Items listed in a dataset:
- - - - -

theorem proposition5p1:
  fixes n' k' n k r :: nat
    and A :: "'a::{finite,field} set"
    and \<gamma> :: "'a poly"
    and QXi QZi :: "nat \<Rightarrow> (nat \<Rightarrow> 'a) set"
    and EZi EXi :: "nat \<Rightarrow> 'a poly \<Rightarrow> (nat \<Rightarrow> 'a) set"
    and di :: "nat \<Rightarrow> nat"
    and QXo QZo :: "nat \<Rightarrow> (nat \<Rightarrow> 'a poly) set"
    and EZo EXo :: "nat \<Rightarrow> (nat \<Rightarrow> 'a poly) \<Rightarrow> (nat \<Rightarrow> 'a poly) set"
    and dout :: "nat \<Rightarrow> nat"
  assumes gamma_irr: "irreducible \<gamma>" and gamma_deg: "degree \<gamma> = k'"
    and inner: "\<forall>h<4. is_css UNIV (*) {..<n'} (QXi h) (QZi h)
        \<and> css_dim UNIV (*) {..<n'} (QXi h) (QZi h) k'
        \<and> css_dist UNIV (*) {..<n'} (QXi h) (QZi h) (di h)
        \<and> is_enc UNIV (*) (dual UNIV (*) {..<n'} (QXi h)) (QZi h) smult (polys_lt k') (EZi h)"
    and mf: "mult_friendly 4 \<gamma> n' EZi"
    and outer: "\<forall>h<3. is_css (polys_lt k') (fmul \<gamma>) {..<n} (QXo h) (QZo h)
        \<and> css_dim (polys_lt k') (fmul \<gamma>) {..<n} (QXo h) (QZo h) k
        \<and> css_dist (polys_lt k') (fmul \<gamma>) {..<n} (QXo h) (QZo h) (dout h)
        \<and> is_enc (polys_lt k') (fmul \<gamma>) (dual (polys_lt k') (fmul \<gamma>) {..<n} (QXo h)) (QZo h)
             (smul (fmul \<gamma>)) (vecs (polys_lt k') {..<k}) (EZo h)"
    and outer_ccz: "transversal_ccz (polys_lt k') (fmul \<gamma>) {..<n} {..<k} (EZo 0) (EZo 1) (EZo 2)"
    and r_bound: "3 * (r - 1) < k'" and r_le_q: "r \<le> card (UNIV :: 'a set)" and A_card: "card A = r"
    and innerX: "\<forall>h<4. is_enc UNIV (*) (dual UNIV (*) {..<n'} (QZi h)) (QXi h) smult (polys_lt k') (EXi h)
        \<and> compatible (\<lambda>x z. ftrace \<gamma> (fmul \<gamma> x z)) (*) {..<n'} (polys_lt k') (EXi h) (EZi h)"
    and outerX: "\<forall>h<3. is_enc (polys_lt k') (fmul \<gamma>) (dual (polys_lt k') (fmul \<gamma>) {..<n} (QZo h)) (QXo h)
             (smul (fmul \<gamma>)) (vecs (polys_lt k') {..<k}) (EXo h)
        \<and> compatible (dotp (fmul \<gamma>) {..<k}) (fmul \<gamma>) {..<n} (vecs (polys_lt k') {..<k}) (EXo h) (EZo h)"
  shows "(\<forall>h<3.
      let QXt = space_of (vecs (polys_lt k') {..<k}) (concat_enc n n' (EXi h) (EXo h));
          QZt = space_of (vecs (polys_lt r) {..<k}) (concat_enc n n' (EZi h) (EZo h));
          Et = (\<lambda>z. space_of (ev_inv k r A z) (concat_enc n n' (EZi h) (EZo h)));
          I = {..<n} \<times> {..<n'}
      in is_css UNIV (*) I QXt QZt
         \<and> css_dim UNIV (*) I QXt QZt (r * k)
         \<and> is_enc UNIV (*) (dual UNIV (*) I QXt) QZt (smul (*)) (vecs UNIV ({..<k} \<times> A)) Et
         \<and> css_dist_ge UNIV (*) I QXt QZt (di h * dout h))
    \<and> transversal_ccz UNIV (*) ({..<n} \<times> {..<n'}) ({..<k} \<times> A)
        (\<lambda>z. space_of (ev_inv k r A z) (concat_enc n n' (EZi 0) (EZo 0)))
        (\<lambda>z. space_of (ev_inv k r A z) (concat_enc n n' (EZi 1) (EZo 1)))
        (\<lambda>z. space_of (ev_inv k r A z) (concat_enc n n' (EZi 2) (EZo 2)))"
proof -
  have gamma_nonzero: "\<gamma> \<noteq> 0" using gamma_irr by auto
  have degree_pos: "degree \<gamma> > 0"
    using gamma_irr irreducible_not_unit is_unit_iff_degree[OF gamma_nonzero] by auto
  have r_le: "r \<le> degree \<gamma>" using r_bound gamma_deg by linarith
  have IC: "inner_code \<gamma> n' (QXi h) (QZi h) (EZi h) (EXi h)" if "h < 4" for h
    unfolding inner_code_def using inner innerX that gamma_nonzero degree_pos gamma_deg by auto
  have RC: "restricted_concat \<gamma> n' (QXi h) (QZi h) (EZi h) (EXi h) n k r A (QXo h) (QZo h) (EZo h) (EXo h)
      (di h) (dout h)" if h: "h < 3" for h
  proof -
    have "css_dist_ge UNIV (*) {..<n'} (QXi h) (QZi h) (di h)"
      and "css_dist_ge (polys_lt k') (fmul \<gamma>) {..<n} (QXo h) (QZo h) (dout h)"
      using inner outer h by (simp_all add: css_dist_imp_dist_ge)
    then show ?thesis
      unfolding restricted_concat_def restricted_concat_axioms_def
      using IC[of h] h outer outerX r_le A_card gamma_deg by auto
  qed
  show ?thesis
    using restricted_concat.restricted_concat_code[OF RC]
      restricted_transversal_ccz[OF IC RC mf _ r_bound[folded gamma_deg]] outer_ccz gamma_deg
    by (simp add: Let_def)
qed

end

- - - - -

Read through the data above. Report each line that has the word "dual".

• RESPONSE TO THIS EXERCISE:
        \<and> is_enc UNIV (*) (dual UNIV (*) {..<n'} (QXi h)) (QZi h) smult (polys_lt k') (EZi h)"
        \<and> is_enc (polys_lt k') (fmul \<gamma>) (dual (polys_lt k') (fmul \<gamma>) {..<n} (QXo h)) (QZo h)
    and innerX: "\<forall>h<4. is_enc UNIV (*) (dual UNIV (*) {..<n'} (QZi h)) (QXi h) smult (polys_lt k') (EXi h)
    and outerX: "\<forall>h<3. is_enc (polys_lt k') (fmul \<gamma>) (dual (polys_lt k') (fmul \<gamma>) {..<n} (QZo h)) (QXo h)
         \<and> is_enc UNIV (*) (dual UNIV (*) I QXt) QZt (smul (*)) (vecs UNIV ({..<k} \<times> A)) Et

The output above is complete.